HueShift: Breathing Life into Every Frame

HueShift transforms grayscale videos into vibrant color using two different deep learning approaches: Diffusion Models and Generative Adversarial Networks (GANs). Our goal was to develop and compare these methods, with a special focus on ensuring temporal consistency and realistic coloration across frames.

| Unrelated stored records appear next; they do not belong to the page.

(* Let $G$ be a finite graph, $k$ a positive integer, $c$ a $k$-colouring of $G$ and $u\in V(G)$. Then $D_c$ is an independent set of $\mathcal{K}_k(G)$, and no colouring in $D_c$ is adjacent in $\mathcal{K}_k(G)$ to a colouring in $C_{c,u}$.
   Context: A $k$-colouring of $G$ is a map $c:V(G)\to\{1,\dots,k\}$ with $c(x)\neq c(y)$ for every edge $xy$. A Kempe swap from $c$: choose distinct colours $i,j$ and a connected component $H$ of the subgraph of $G$ induced by $c^{-1}(\{i,j\})$, and exchange colours $i,j$ on $H$; it is trivial if it changes the colour of exactly one vertex. $\mathcal{K}_k(G)$ has as vertices all $k$-colourings, two distinct colourings adjacent iff one is obtained from the other by a single Kempe swap. $C_{c,u}$ is the set of $k$-colourings differing from $c$ exactly at $u$; $D_c$ is the set of neighbours of $c$ in $\mathcal{K}_k(G)$ obtained from $c$ by a non-trivial Kempe swap (i.e. differing from $c$ at at least two vertices). *)

theory Defs
  imports Main
begin

definition fin_graph :: "'a set \<Rightarrow> ('a \<Rightarrow> 'a \<Rightarrow> bool) \<Rightarrow> bool" where
  "fin_graph V E \<longleftrightarrow> finite V \<and> (\<forall>x y. E x y \<longrightarrow> x \<in> V \<and> y \<in> V)
     \<and> (\<forall>x y. E x y \<longrightarrow> E y x) \<and> (\<forall>x. \<not> E x x)"

text \<open>A k-colouring: proper map V -> {1..k}; normalised to 0 outside V so that
  colourings are determined by their values on V.\<close>
definition colouring :: "'a set \<Rightarrow> ('a \<Rightarrow> 'a \<Rightarrow> bool) \<Rightarrow> nat \<Rightarrow> ('a \<Rightarrow> nat) \<Rightarrow> bool" where
  "colouring V E k c \<longleftrightarrow> (\<forall>x\<in>V. c x \<in> {1..k}) \<and> (\<forall>x. x \<notin> V \<longrightarrow> c x = 0)
     \<and> (\<forall>x\<in>V. \<forall>y\<in>V. E x y \<longrightarrow> c x \<noteq> c y)"

definition bichrom :: "'a set \<Rightarrow> ('a \<Rightarrow> nat) \<Rightarrow> nat \<Rightarrow> nat \<Rightarrow> 'a set" where
  "bichrom V c i j = {x \<in> V. c x = i \<or> c x = j}"

definition kempe_chain :: "'a set \<Rightarrow> ('a \<Rightarrow> 'a \<Rightarrow> bool) \<Rightarrow> ('a \<Rightarrow> nat) \<Rightarrow> nat \<Rightarrow> nat \<Rightarrow> 'a \<Rightarrow> 'a set" where
  "kempe_chain V E c i j v =
     {w. (\<lambda>x y. E x y \<and> x \<in> bichrom V c i j \<and> y \<in> bichrom V c i j)\<^sup>*\<^sup>* v w}"

definition swap_on :: "('a \<Rightarrow> nat) \<Rightarrow> nat \<Rightarrow> nat \<Rightarrow> 'a set \<Rightarrow> 'a \<Rightarrow> nat" where
  "swap_on c i j H = (\<lambda>x. if x \<in> H then (if c x = i then j else if c x = j then i else c x) else c x)"

definition kempe_adj :: "'a set \<Rightarrow> ('a \<Rightarrow> 'a \<Rightarrow> bool) \<Rightarrow> nat \<Rightarrow> ('a \<Rightarrow> nat) \<Rightarrow> ('a \<Rightarrow> nat) \<Rightarrow> bool" where
  "kempe_adj V E k c d \<longleftrightarrow> colouring V E k c \<and> colouring V E k d \<and> c \<noteq> d \<and>
     (\<exists>i j v. i \<in> {1..k} \<and> j \<in> {1..k} \<and> i \<noteq> j \<and> v \<in> bichrom V c i j \<and>
        d = swap_on c i j (kempe_chain V E c i j v))"

definition C_set :: "'a set \<Rightarrow> ('a \<Rightarrow> 'a \<Rightarrow> bool) \<Rightarrow> nat \<Rightarrow> ('a \<Rightarrow> nat) \<Rightarrow> 'a \<Rightarrow> ('a \<Rightarrow> nat) set" where
  "C_set V E k c u = {d. colouring V E k d \<and> {x \<in> V. d x \<noteq> c x} = {u}}"

definition D_set :: "'a set \<Rightarrow> ('a \<Rightarrow> 'a \<Rightarrow> bool) \<Rightarrow> nat \<Rightarrow> ('a \<Rightarrow> nat) \<Rightarrow> ('a \<Rightarrow> nat) set" where
  "D_set V E k c = {d. kempe_adj V E k c d \<and> card {x \<in> V. d x \<noteq> c x} \<ge> 2}"

end

theory Submission
  imports Defs
begin

text \<open>Let d arise from c by swapping the colours i, j on a Kempe chain H. A further Kempe
  swap from d that restores the colour of c at some vertex of H must exchange i and j, and its
  chain, which meets H and lives on the same i-j-coloured vertices, is H itself; so it gives
  back c. Hence a Kempe neighbour of d other than c differs from c on all of H. Since
  |H| \<ge> 2, this rules out neighbours in C_{c,u}; and two adjacent members of D_c would
  differ from c on the same chain, on which both of its colours occur, so they coincide.\<close>

lemma card_ge_2_obtains_other:
  assumes "card A \<ge> 2"
  obtains x where "x \<in> A" "x \<noteq> u"
proof -
  have "\<not> A \<subseteq> {u}"
  proof
    assume "A \<subseteq> {u}"
    then have "card A \<le> 1"
      using card_mono[of "{u}" A] by simp
    with assms show False
      by simp
  qed
  with that show ?thesis
    by blast
qed

lemma bichrom_eq: "bichrom V c i j = {x \<in> V. c x \<in> {i, j}}"
  unfolding bichrom_def by auto

lemma bichrom_swap_on: "bichrom V (swap_on c i j H) i j = bichrom V c i j"
  unfolding bichrom_def swap_on_def by auto

lemma kempe_chain_swap_on: "kempe_chain V E (swap_on c i j H) i j v = kempe_chain V E c i j v"
  unfolding kempe_chain_def bichrom_swap_on ..

lemma swap_on_swap_on: "i \<noteq> j \<Longrightarrow> swap_on (swap_on c i j H) i j H = c"
  unfolding swap_on_def by auto

lemma kempe_chain_colour_pair:
  "{i, j} = {p, q} \<Longrightarrow> kempe_chain V E c i j v = kempe_chain V E c p q v"
  unfolding kempe_chain_def bichrom_eq by simp

lemma swap_on_colour_pair: "{i, j} = {p, q} \<Longrightarrow> swap_on c i j H = swap_on c p q H"
  unfolding swap_on_def by (auto simp: doubleton_eq_iff fun_eq_iff)

lemma start_mem_kempe_chain: "v \<in> kempe_chain V E c i j v"
  unfolding kempe_chain_def by simp

lemma kempe_chain_subset_bichrom:
  assumes "v \<in> bichrom V c i j"
  shows "kempe_chain V E c i j v \<subseteq> bichrom V c i j"
proof
  fix w assume "w \<in> kempe_chain V E c i j v"
  then have "(\<lambda>x y. E x y \<and> x \<in> bichrom V c i j \<and> y \<in> bichrom V c i j)\<^sup>*\<^sup>* v w"
    unfolding kempe_chain_def by simp
  then show "w \<in> bichrom V c i j"
    using assms by (induction rule: rtranclp_induct) auto
qed

lemma kempe_chain_eq_if_mem:
  assumes "symp E" and "w \<in> kempe_chain V E c i j v"
  shows "kempe_chain V E c i j w = kempe_chain V E c i j v"
proof -
  let ?R = "\<lambda>x y. E x y \<and> x \<in> bichrom V c i j \<and> y \<in> bichrom V c i j"
  have "symp ?R\<^sup>*\<^sup>*"
    using \<open>symp E\<close> by (intro symp_rtranclp) (auto simp: symp_def)
  moreover have "?R\<^sup>*\<^sup>* v w"
    using assms(2) unfolding kempe_chain_def by simp
  ultimately show ?thesis
    unfolding kempe_chain_def by (auto intro: rtranclp_trans dest: sympD)
qed

lemma changed_by_kempe_swap:
  assumes "i \<noteq> j" and "v \<in> bichrom V c i j"
  shows "{x \<in> V. swap_on c i j (kempe_chain V E c i j v) x \<noteq> c x} = kempe_chain V E c i j v"
  using assms kempe_chain_subset_bichrom[OF assms(2)]
  unfolding swap_on_def bichrom_def by auto

lemma kempe_adj_sym:
  assumes "kempe_adj V E k c d"
  shows "kempe_adj V E k d c"
proof -
  from assms obtain i j v where ij: "i \<in> {1..k}" "j \<in> {1..k}" "i \<noteq> j"
    and v: "v \<in> bichrom V c i j" and d: "d = swap_on c i j (kempe_chain V E c i j v)"
    unfolding kempe_adj_def by blast
  have "c = swap_on d i j (kempe_chain V E d i j v)"
    using d kempe_chain_swap_on swap_on_swap_on[OF \<open>i \<noteq> j\<close>] by metis
  moreover have "v \<in> bichrom V d i j"
    using d v bichrom_swap_on by metis
  ultimately show ?thesis
    using assms ij unfolding kempe_adj_def by metis
qed

lemma kempe_swap_undone_if_agrees:
  assumes "symp E" and "i \<noteq> j" and "p \<noteq> q" and v: "v \<in> bichrom V c i j"
    and d: "d = swap_on c i j (kempe_chain V E c i j v)"
    and e: "e = swap_on d p q (kempe_chain V E d p q w)"
    and x: "x \<in> kempe_chain V E c i j v" and "e x = c x"
  shows "e = c"
proof -
  have cx: "c x \<in> {i, j}"
    using kempe_chain_subset_bichrom[OF v] x by (auto simp: bichrom_eq)
  have dx: "d x \<in> {i, j}" "d x \<noteq> c x"
    using d x cx \<open>i \<noteq> j\<close> unfolding swap_on_def by auto
  then have x_moved: "x \<in> kempe_chain V E d p q w"
    using e \<open>e x = c x\<close> unfolding swap_on_def by (auto split: if_splits)
  then have "d x \<in> {p, q}" "c x \<in> {p, q}"
    using e \<open>e x = c x\<close> dx(2) unfolding swap_on_def by (auto split: if_splits)
  then have pq: "{p, q} = {i, j}"
    using cx dx \<open>i \<noteq> j\<close> \<open>p \<noteq> q\<close> by auto
  have K: "kempe_chain V E d p q w = kempe_chain V E c i j w"
    using kempe_chain_colour_pair[OF pq] d kempe_chain_swap_on by metis
  also have "\<dots> = kempe_chain V E c i j x"
    using kempe_chain_eq_if_mem[OF \<open>symp E\<close>] x_moved K by metis
  also have "\<dots> = kempe_chain V E c i j v"
    using kempe_chain_eq_if_mem[OF \<open>symp E\<close> x] .
  finally have "e = swap_on d i j (kempe_chain V E c i j v)"
    using e swap_on_colour_pair[OF pq] by simp
  then show ?thesis
    using d swap_on_swap_on[OF \<open>i \<noteq> j\<close>] by simp
qed

lemma kempe_chain_colours:
  assumes "colouring V E k c" and "v \<in> bichrom V c i j"
    and "card (kempe_chain V E c i j v) \<ge> 2"
  shows "c ` kempe_chain V E c i j v = {i, j}"
proof -
  let ?R = "\<lambda>x y. E x y \<and> x \<in> bichrom V c i j \<and> y \<in> bichrom V c i j"
  obtain y where "y \<in> kempe_chain V E c i j v" "y \<noteq> v"
    using assms(3) by (rule card_ge_2_obtains_other)
  then obtain z where z: "?R v z" "?R\<^sup>*\<^sup>* z y"
    unfolding kempe_chain_def by (blast elim: converse_rtranclpE)
  then have "c v \<noteq> c z"
    using assms(1) unfolding colouring_def bichrom_def by blast
  moreover have "c v \<in> c ` kempe_chain V E c i j v" "c z \<in> c ` kempe_chain V E c i j v"
    using z start_mem_kempe_chain unfolding kempe_chain_def by blast+
  moreover have "c ` kempe_chain V E c i j v \<subseteq> {i, j}"
    using kempe_chain_subset_bichrom[OF assms(2)] by (auto simp: bichrom_eq)
  ultimately show ?thesis
    by blast
qed

lemma D_setE:
  assumes "d \<in> D_set V E k c"
  obtains i j v where "i \<noteq> j" "v \<in> bichrom V c i j"
    "d = swap_on c i j (kempe_chain V E c i j v)"
    "{x \<in> V. d x \<noteq> c x} = kempe_chain V E c i j v"
proof -
  from assms obtain i j v where "i \<noteq> j" "v \<in> bichrom V c i j"
    "d = swap_on c i j (kempe_chain V E c i j v)"
    unfolding D_set_def kempe_adj_def by blast
  with changed_by_kempe_swap that show ?thesis by metis
qed

lemma D_set_adj_agreeing_eq:
  assumes "symp E" and "d \<in> D_set V E k c" and "kempe_adj V E k d e"
    and "x \<in> V" and "d x \<noteq> c x" and "e x = c x"
  shows "e = c"
proof -
  obtain i j v where ij: "i \<noteq> j" and v: "v \<in> bichrom V c i j"
    and d: "d = swap_on c i j (kempe_chain V E c i j v)"
    and changed: "{x \<in> V. d x \<noteq> c x} = kempe_chain V E c i j v"
    using assms(2) by (rule D_setE)
  obtain p q w where pq: "p \<noteq> q" and e: "e = swap_on d p q (kempe_chain V E d p q w)"
    using assms(3) unfolding kempe_adj_def by blast
  have "x \<in> kempe_chain V E c i j v"
    using changed assms(4,5) by blast
  from kempe_swap_undone_if_agrees[OF assms(1) ij pq v d e this assms(6)]
  show ?thesis .
qed

lemma D_set_independent:
  assumes "symp E" and d1: "d1 \<in> D_set V E k c" and d2: "d2 \<in> D_set V E k c"
  shows "\<not> kempe_adj V E k d1 d2"
proof
  assume adj: "kempe_adj V E k d1 d2"
  have c: "colouring V E k c" "c \<noteq> d1" "c \<noteq> d2"
    using d1 d2 unfolding D_set_def kempe_adj_def by auto
  have changed_mono: "{x \<in> V. d x \<noteq> c x} \<subseteq> {x \<in> V. d' x \<noteq> c x}"
    if "d \<in> D_set V E k c" "kempe_adj V E k d d'" "c \<noteq> d'" for d d'
    using D_set_adj_agreeing_eq[OF \<open>symp E\<close> that(1,2)] that(3) by blast
  have same_changed: "{x \<in> V. d1 x \<noteq> c x} = {x \<in> V. d2 x \<noteq> c x}"
    using changed_mono[OF d1 adj c(3)] changed_mono[OF d2 kempe_adj_sym[OF adj] c(2)]
    by (rule subset_antisym)
  obtain i j v where v: "v \<in> bichrom V c i j"
    and d1_eq: "d1 = swap_on c i j (kempe_chain V E c i j v)"
    and H: "{x \<in> V. d1 x \<noteq> c x} = kempe_chain V E c i j v"
    using d1 by (rule D_setE)
  obtain p q w where w: "w \<in> bichrom V c p q"
    and d2_eq: "d2 = swap_on c p q (kempe_chain V E c p q w)"
    and K: "{x \<in> V. d2 x \<noteq> c x} = kempe_chain V E c p q w"
    using d2 by (rule D_setE)
  have "c ` kempe_chain V E c i j v = {i, j}"
    using kempe_chain_colours[OF c(1) v] d1 H unfolding D_set_def by simp
  moreover have "c ` kempe_chain V E c p q w = {p, q}"
    using kempe_chain_colours[OF c(1) w] d2 K unfolding D_set_def by simp
  ultimately have "{i, j} = {p, q}" "kempe_chain V E c i j v = kempe_chain V E c p q w"
    using same_changed H K by auto
  then have "d1 = d2"
    using d1_eq d2_eq swap_on_colour_pair by simp
  with c adj show False
    unfolding kempe_adj_def by blast
qed

lemma D_set_not_adj_C_set:
  assumes "symp E" and d: "d \<in> D_set V E k c" and e: "e \<in> C_set V E k c u"
  shows "\<not> kempe_adj V E k d e"
proof
  assume adj: "kempe_adj V E k d e"
  have e_changed: "{x \<in> V. e x \<noteq> c x} = {u}"
    using e unfolding C_set_def by blast
  have "card {x \<in> V. d x \<noteq> c x} \<ge> 2"
    using d unfolding D_set_def by blast
  then obtain x where "x \<in> V" "d x \<noteq> c x" "x \<noteq> u"
    by (rule card_ge_2_obtains_other) blast
  then have "e = c"
    using D_set_adj_agreeing_eq[OF assms(1) d adj] e_changed by blast
  with e_changed show False by auto
qed

theorem lemma3p2:
  fixes V :: "'a set" and E :: "'a \<Rightarrow> 'a \<Rightarrow> bool" and k :: nat
    and c :: "'a \<Rightarrow> nat" and u :: 'a
  assumes "fin_graph V E" and "k \<ge> 1" and "colouring V E k c" and "u \<in> V"
  shows "(\<forall>d1\<in>D_set V E k c. \<forall>d2\<in>D_set V E k c. \<not> kempe_adj V E k d1 d2)
       \<and> (\<forall>d\<in>D_set V E k c. \<forall>e\<in>C_set V E k c u. \<not> kempe_adj V E k d e)"
proof -
  have "symp E"
    using assms(1) unfolding fin_graph_def symp_def by blast
  then show ?thesis
    by (simp add: D_set_independent D_set_not_adj_C_set)
qed

end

finaloutput-highres-lowres-input_b.w.mp4

Our Dual Approach

1. Diffusion-Based Approach

Diffusion Process

Our diffusion model works by iteratively adding and removing noise:

LAB Color Space Processing - Separates luminance ("L" channel) from color ("A" and "B" channels), allowing us to denoise only color components
U-Net Architecture - A 3-channel LAB input with noised AB channels passes through encoder, bottleneck, and decoder with skip connections
Noise Scheduling - Carefully calibrated variance schedule controls the noise addition/removal process
Forward Process - Gaussian noise is added to color channels in increasing amounts over T timesteps
Reverse Process - The model learns to predict and remove noise iteratively, conditioned on grayscale input
Resolution Enhancement - Bicubic interpolation upscales low-resolution outputs while preserving original grayscale details
Neural Deflickering - Flawed atlas approach identifies and corrects temporal inconsistencies between frames

Our model was trained on vast.ai GPUs using keyframes from the UCF101 dataset. The diffusion process allows for high-quality colorization by gradually learning to reverse the noise addition process, guided by the grayscale input.

2. GAN-Based Approach

GAN Architecture

Our GAN implementation uses saliency maps to guide colorization:

SCGAN-Based Generator - Modified with channel reduction at deeper layers for improved training stability
Saliency Detection - Pyramid Feature Attention Network identifies visually important regions
70×70 PatchGAN Discriminators:
- Standard discriminator - Enforces global color realism
- Attention discriminator - Focuses on salient regions for detail refinement
Loss Functions - Balanced combination of adversarial, L1, and perceptual losses
Optical Flow - FastFlowNet tracks motion between frames to maintain color consistency
Adaptive Color Propagation - Warps colors from keyframes to subsequent frames based on motion vectors

We deviated from the original SCGAN design by reducing channel counts as network depth increased, improving efficiency and reducing overfitting. The dual-discriminator setup enhances both global color realism and local detail accuracy.

Technical Challenges

Achieving Temporal Consistency

Our videos were deflickered through a two-stage neural approach:

Atlas Generation Stage

Video frames were processed by mapping each pixel's (x,y,t) coordinates to a consistent 2D atlas space using a 6-layer MLP network without positional encoding. Colors were reconstructed using an 8-layer MLP with positional encoding at 10 frequency bands. This mapping was optimized through a combination of RGB reconstruction loss (weight 5000), optical flow consistency loss (weight 500), rigidity loss (weight 1.0), and gradient preservation loss (weight 1000) for 10,000 iterations at 768×432 resolution.

Neural Filtering Stage

The second stage applied a UNet-based neural filter with 32 initial features followed by a TransformNet with ConvLSTM for temporal consistency. This refined the atlas-reconstructed frames to preserve details while maintaining temporal consistency. The final output, stored in the "final" directory at the original resolution, shows the video with flickering successfully removed while preserving natural motion and details.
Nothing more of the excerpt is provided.